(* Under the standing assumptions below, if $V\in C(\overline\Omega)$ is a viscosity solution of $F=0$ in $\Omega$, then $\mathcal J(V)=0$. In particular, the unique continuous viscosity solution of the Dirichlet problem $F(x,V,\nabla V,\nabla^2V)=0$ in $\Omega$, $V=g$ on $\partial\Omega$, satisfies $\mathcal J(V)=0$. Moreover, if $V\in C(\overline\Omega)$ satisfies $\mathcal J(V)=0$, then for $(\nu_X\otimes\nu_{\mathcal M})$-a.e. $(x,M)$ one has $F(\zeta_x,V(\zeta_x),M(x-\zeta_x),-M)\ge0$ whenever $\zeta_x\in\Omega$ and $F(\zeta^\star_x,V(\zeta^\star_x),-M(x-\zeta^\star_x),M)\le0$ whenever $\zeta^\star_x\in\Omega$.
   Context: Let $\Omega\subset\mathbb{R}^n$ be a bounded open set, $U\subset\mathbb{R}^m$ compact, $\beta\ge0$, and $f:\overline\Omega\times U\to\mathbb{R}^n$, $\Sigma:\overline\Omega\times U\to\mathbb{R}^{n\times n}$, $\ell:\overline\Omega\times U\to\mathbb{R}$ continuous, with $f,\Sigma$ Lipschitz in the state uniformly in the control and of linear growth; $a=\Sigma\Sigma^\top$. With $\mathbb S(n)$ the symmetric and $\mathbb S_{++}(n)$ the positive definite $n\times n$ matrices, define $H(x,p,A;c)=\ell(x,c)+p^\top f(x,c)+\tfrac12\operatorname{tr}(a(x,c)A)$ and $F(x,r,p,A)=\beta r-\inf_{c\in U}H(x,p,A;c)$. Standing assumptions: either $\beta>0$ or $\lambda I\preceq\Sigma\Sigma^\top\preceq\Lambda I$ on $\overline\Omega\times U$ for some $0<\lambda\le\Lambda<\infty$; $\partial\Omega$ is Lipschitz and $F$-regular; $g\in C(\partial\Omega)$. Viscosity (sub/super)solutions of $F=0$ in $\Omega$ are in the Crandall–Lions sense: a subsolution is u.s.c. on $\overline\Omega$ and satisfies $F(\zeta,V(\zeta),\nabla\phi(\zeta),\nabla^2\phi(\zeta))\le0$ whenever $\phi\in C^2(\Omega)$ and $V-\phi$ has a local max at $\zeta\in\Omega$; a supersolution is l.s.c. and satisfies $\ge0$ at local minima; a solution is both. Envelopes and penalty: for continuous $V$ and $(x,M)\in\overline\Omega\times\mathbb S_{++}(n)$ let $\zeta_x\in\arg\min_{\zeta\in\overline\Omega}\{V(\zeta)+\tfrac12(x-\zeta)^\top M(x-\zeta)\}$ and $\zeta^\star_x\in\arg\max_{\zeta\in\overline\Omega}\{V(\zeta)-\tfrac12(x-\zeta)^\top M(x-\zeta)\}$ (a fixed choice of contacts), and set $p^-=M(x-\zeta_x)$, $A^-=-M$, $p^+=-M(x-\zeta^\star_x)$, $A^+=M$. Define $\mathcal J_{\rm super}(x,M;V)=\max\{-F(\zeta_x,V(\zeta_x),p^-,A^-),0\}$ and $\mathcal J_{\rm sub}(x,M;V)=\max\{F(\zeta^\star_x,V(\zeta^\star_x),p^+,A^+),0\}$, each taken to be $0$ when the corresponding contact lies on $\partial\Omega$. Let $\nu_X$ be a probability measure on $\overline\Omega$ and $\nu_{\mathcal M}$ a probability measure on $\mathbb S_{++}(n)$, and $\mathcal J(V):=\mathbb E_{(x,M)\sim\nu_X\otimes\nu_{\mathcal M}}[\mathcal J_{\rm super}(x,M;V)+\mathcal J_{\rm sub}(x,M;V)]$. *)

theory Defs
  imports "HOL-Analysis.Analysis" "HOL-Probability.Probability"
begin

##########

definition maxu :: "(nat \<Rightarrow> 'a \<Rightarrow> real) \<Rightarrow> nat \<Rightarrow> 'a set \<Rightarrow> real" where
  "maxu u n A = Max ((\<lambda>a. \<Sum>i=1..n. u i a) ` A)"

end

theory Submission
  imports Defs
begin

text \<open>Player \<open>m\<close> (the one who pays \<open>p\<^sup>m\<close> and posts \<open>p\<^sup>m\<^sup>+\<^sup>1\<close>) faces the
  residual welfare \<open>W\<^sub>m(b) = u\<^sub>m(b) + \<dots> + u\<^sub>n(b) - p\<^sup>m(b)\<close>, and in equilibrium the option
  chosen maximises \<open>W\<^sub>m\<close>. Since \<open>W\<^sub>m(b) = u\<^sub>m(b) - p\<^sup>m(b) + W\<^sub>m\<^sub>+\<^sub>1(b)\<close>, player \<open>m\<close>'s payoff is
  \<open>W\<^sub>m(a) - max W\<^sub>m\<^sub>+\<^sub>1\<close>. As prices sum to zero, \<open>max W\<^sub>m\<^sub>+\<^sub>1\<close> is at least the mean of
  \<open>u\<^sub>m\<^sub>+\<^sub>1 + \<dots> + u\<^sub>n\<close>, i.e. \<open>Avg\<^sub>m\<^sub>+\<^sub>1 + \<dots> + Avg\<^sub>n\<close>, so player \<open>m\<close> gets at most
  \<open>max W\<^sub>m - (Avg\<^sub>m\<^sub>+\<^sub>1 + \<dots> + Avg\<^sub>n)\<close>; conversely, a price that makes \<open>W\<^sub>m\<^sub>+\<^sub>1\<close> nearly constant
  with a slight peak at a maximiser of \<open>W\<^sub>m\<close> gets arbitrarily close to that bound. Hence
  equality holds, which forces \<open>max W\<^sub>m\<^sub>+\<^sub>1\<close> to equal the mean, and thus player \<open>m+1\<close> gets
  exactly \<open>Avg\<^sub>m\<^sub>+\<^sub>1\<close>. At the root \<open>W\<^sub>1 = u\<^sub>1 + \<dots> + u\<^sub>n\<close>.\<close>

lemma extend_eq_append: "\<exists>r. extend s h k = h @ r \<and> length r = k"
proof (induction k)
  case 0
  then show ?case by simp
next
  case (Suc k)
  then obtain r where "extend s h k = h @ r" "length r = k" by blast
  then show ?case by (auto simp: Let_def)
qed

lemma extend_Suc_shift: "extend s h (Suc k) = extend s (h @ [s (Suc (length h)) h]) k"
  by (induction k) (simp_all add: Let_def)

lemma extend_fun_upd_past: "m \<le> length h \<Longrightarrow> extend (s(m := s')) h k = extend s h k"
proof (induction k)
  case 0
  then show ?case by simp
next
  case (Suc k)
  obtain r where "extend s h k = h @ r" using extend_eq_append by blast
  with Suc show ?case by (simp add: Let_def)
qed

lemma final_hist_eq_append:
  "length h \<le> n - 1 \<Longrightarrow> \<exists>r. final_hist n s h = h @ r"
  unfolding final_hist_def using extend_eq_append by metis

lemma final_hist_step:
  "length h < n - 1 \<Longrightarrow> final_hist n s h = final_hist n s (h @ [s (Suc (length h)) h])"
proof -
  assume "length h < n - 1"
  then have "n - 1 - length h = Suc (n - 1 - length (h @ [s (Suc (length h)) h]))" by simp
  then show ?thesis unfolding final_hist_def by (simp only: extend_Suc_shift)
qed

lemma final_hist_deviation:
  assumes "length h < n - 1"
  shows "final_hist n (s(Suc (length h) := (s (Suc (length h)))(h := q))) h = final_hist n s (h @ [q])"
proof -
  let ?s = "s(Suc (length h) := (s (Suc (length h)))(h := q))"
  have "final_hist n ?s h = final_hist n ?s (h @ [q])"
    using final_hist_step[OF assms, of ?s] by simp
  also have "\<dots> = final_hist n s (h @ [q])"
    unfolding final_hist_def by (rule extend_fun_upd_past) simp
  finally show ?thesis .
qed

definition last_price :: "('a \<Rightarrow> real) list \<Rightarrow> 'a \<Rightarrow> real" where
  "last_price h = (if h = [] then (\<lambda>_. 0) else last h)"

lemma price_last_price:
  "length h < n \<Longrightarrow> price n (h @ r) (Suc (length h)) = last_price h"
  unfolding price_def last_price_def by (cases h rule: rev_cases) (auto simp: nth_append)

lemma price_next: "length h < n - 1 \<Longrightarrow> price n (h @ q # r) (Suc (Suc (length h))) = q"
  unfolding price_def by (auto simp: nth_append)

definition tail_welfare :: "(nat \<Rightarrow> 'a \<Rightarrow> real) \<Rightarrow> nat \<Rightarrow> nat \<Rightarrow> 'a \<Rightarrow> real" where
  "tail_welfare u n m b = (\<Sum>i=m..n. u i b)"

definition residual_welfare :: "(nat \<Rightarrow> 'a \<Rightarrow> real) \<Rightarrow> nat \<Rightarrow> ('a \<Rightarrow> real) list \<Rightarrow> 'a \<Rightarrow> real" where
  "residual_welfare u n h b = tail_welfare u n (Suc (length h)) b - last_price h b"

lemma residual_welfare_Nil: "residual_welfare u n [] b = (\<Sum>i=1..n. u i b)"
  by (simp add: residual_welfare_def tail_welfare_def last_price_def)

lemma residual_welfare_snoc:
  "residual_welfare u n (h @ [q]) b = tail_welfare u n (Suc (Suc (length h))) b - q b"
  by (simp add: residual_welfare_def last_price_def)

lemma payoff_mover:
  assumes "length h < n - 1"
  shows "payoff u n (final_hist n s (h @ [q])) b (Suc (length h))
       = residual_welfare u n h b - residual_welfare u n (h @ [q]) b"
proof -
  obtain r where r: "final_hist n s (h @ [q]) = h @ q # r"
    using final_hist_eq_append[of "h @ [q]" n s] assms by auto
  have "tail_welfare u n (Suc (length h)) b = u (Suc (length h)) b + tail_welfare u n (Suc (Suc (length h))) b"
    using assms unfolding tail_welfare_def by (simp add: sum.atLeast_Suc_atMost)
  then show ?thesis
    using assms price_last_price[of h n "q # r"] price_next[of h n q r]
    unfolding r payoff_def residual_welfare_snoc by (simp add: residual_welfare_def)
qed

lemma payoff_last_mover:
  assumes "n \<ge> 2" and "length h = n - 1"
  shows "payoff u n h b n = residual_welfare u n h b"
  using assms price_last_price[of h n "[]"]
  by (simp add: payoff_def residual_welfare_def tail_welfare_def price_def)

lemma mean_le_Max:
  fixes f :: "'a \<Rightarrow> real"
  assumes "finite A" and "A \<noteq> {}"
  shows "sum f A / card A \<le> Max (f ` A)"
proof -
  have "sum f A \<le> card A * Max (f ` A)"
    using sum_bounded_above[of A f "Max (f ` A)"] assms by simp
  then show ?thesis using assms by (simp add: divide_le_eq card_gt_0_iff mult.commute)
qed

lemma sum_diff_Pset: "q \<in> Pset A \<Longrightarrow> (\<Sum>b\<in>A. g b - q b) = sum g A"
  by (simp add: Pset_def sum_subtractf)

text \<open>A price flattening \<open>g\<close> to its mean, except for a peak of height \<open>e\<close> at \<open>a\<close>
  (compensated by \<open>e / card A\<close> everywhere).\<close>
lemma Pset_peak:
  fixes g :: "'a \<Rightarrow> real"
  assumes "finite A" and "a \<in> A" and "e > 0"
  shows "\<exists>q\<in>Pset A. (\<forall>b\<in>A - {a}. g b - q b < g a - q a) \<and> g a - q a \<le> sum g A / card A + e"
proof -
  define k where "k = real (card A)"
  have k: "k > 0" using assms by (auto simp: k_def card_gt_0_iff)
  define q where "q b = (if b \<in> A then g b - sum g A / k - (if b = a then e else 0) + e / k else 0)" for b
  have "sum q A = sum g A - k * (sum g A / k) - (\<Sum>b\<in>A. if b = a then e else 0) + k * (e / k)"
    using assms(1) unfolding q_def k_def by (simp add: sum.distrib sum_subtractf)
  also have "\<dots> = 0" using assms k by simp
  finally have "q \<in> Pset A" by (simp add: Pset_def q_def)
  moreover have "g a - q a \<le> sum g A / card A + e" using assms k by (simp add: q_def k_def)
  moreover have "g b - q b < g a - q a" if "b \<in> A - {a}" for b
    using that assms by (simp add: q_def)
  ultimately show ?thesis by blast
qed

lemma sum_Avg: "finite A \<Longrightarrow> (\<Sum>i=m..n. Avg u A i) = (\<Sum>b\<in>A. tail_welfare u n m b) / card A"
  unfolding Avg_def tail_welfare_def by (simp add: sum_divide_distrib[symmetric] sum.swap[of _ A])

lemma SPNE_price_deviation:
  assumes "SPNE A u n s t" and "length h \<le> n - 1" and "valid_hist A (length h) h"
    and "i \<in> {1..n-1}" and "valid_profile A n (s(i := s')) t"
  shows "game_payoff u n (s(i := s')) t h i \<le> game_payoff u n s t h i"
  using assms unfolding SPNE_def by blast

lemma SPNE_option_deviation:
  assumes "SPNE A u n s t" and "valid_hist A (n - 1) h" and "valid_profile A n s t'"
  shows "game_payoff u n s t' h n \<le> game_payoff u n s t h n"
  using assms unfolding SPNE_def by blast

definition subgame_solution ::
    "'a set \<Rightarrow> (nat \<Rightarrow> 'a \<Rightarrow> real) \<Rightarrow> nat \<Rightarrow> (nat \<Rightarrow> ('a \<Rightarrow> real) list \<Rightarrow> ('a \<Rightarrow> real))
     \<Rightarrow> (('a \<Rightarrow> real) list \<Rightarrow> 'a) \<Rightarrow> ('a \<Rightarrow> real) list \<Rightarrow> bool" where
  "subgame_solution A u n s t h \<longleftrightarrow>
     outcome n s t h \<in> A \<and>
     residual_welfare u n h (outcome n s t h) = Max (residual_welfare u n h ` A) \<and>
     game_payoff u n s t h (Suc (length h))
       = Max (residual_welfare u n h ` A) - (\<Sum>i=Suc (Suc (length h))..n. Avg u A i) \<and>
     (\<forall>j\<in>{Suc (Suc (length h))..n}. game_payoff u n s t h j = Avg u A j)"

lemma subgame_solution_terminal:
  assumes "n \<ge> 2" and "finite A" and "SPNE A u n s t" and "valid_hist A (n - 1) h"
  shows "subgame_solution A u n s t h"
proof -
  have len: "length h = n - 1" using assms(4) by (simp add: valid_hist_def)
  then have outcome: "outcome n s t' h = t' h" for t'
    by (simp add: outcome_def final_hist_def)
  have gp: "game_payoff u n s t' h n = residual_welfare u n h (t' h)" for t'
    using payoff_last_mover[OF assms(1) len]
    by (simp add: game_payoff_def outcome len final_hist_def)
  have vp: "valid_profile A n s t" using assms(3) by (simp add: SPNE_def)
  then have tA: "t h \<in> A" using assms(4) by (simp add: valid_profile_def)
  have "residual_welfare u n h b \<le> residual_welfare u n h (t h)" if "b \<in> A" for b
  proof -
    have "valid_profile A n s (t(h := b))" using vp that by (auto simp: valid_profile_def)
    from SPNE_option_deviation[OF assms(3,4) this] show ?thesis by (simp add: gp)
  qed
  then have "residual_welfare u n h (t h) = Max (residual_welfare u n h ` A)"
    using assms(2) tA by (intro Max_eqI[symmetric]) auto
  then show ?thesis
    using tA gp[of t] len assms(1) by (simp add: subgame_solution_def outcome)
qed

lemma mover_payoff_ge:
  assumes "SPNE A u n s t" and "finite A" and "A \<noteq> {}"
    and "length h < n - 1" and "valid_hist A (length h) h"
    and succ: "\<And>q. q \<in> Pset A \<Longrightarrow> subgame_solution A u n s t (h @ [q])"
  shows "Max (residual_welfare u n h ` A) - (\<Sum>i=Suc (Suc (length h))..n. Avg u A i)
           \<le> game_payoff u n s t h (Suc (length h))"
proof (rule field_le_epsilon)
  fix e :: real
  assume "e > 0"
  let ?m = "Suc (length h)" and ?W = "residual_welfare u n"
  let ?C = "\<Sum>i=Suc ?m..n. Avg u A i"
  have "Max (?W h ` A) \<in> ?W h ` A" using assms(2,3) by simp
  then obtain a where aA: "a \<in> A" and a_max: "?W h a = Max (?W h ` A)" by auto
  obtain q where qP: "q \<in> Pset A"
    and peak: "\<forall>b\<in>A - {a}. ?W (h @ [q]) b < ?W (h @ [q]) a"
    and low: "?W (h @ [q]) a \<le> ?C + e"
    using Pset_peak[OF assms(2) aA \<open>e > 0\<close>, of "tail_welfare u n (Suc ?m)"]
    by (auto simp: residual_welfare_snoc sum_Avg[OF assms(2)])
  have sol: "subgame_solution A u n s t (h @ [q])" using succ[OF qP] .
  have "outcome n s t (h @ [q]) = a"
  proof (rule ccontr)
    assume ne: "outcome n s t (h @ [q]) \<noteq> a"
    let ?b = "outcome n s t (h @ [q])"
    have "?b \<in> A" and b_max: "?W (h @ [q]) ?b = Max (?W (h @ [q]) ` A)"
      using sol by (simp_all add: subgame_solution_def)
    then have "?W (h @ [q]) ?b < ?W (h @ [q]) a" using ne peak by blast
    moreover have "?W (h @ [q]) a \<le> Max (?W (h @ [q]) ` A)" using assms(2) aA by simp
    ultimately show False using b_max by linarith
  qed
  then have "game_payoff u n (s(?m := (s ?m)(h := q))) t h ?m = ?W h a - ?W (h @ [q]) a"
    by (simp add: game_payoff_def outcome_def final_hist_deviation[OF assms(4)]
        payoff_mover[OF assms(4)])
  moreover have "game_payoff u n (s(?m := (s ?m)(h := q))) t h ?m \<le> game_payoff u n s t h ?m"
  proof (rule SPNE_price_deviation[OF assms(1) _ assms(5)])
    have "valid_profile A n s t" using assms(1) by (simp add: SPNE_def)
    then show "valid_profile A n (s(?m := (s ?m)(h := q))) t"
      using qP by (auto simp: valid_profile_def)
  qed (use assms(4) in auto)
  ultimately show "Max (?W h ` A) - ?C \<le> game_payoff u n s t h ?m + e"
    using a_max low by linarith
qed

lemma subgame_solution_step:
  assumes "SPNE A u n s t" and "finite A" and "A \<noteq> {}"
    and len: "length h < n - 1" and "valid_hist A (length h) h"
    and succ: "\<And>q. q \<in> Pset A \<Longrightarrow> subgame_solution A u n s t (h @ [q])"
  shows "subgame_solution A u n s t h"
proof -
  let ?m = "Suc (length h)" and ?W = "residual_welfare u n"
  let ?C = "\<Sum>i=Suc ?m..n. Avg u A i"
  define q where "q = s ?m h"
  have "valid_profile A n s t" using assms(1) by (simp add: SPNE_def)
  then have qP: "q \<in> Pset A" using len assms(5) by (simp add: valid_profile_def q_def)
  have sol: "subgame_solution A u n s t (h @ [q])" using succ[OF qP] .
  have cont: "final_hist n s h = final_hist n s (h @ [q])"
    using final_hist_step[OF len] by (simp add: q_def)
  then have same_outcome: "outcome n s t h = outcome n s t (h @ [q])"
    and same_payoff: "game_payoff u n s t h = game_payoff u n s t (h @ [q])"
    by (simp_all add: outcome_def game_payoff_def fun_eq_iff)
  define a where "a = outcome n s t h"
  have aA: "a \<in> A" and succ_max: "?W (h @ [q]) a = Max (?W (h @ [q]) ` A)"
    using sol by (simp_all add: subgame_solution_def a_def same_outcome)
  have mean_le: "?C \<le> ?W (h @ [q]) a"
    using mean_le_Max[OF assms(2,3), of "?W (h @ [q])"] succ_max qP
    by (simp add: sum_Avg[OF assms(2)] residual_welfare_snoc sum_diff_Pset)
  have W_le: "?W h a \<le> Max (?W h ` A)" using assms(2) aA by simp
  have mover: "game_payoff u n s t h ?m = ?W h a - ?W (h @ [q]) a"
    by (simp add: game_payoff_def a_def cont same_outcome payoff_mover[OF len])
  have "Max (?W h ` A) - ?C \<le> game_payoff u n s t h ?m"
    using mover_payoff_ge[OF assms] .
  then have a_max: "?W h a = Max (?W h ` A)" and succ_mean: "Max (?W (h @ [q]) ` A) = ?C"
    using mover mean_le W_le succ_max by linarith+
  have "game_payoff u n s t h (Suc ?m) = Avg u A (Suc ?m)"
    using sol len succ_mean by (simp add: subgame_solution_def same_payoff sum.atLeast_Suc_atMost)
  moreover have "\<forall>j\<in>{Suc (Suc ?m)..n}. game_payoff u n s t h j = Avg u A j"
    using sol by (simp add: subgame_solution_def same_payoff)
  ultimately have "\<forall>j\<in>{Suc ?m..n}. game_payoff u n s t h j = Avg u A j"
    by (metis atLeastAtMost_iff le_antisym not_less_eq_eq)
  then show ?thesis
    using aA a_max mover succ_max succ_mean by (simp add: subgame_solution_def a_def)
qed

##########

WHAT NEEDS TO BE DONE - From the listing above, return each line with the word "unfolding".

TASK SOLUTION -
  unfolding final_hist_def using extend_eq_append by metis
  then show ?thesis unfolding final_hist_def by (simp only: extend_Suc_shift)
    unfolding final_hist_def by (rule extend_fun_upd_past) simp
  unfolding price_def last_price_def by (cases h rule: rev_cases) (auto simp: nth_append)
  unfolding price_def by (auto simp: nth_append)
    using assms unfolding tail_welfare_def by (simp add: sum.atLeast_Suc_atMost)
    unfolding r payoff_def residual_welfare_snoc by (simp add: residual_welfare_def)
    using assms(1) unfolding q_def k_def by (simp add: sum.distrib sum_subtractf)
  unfolding Avg_def tail_welfare_def by (simp add: sum_divide_distrib[symmetric] sum.swap[of _ A])
  using assms unfolding SPNE_def by blast
  using assms unfolding SPNE_def by blast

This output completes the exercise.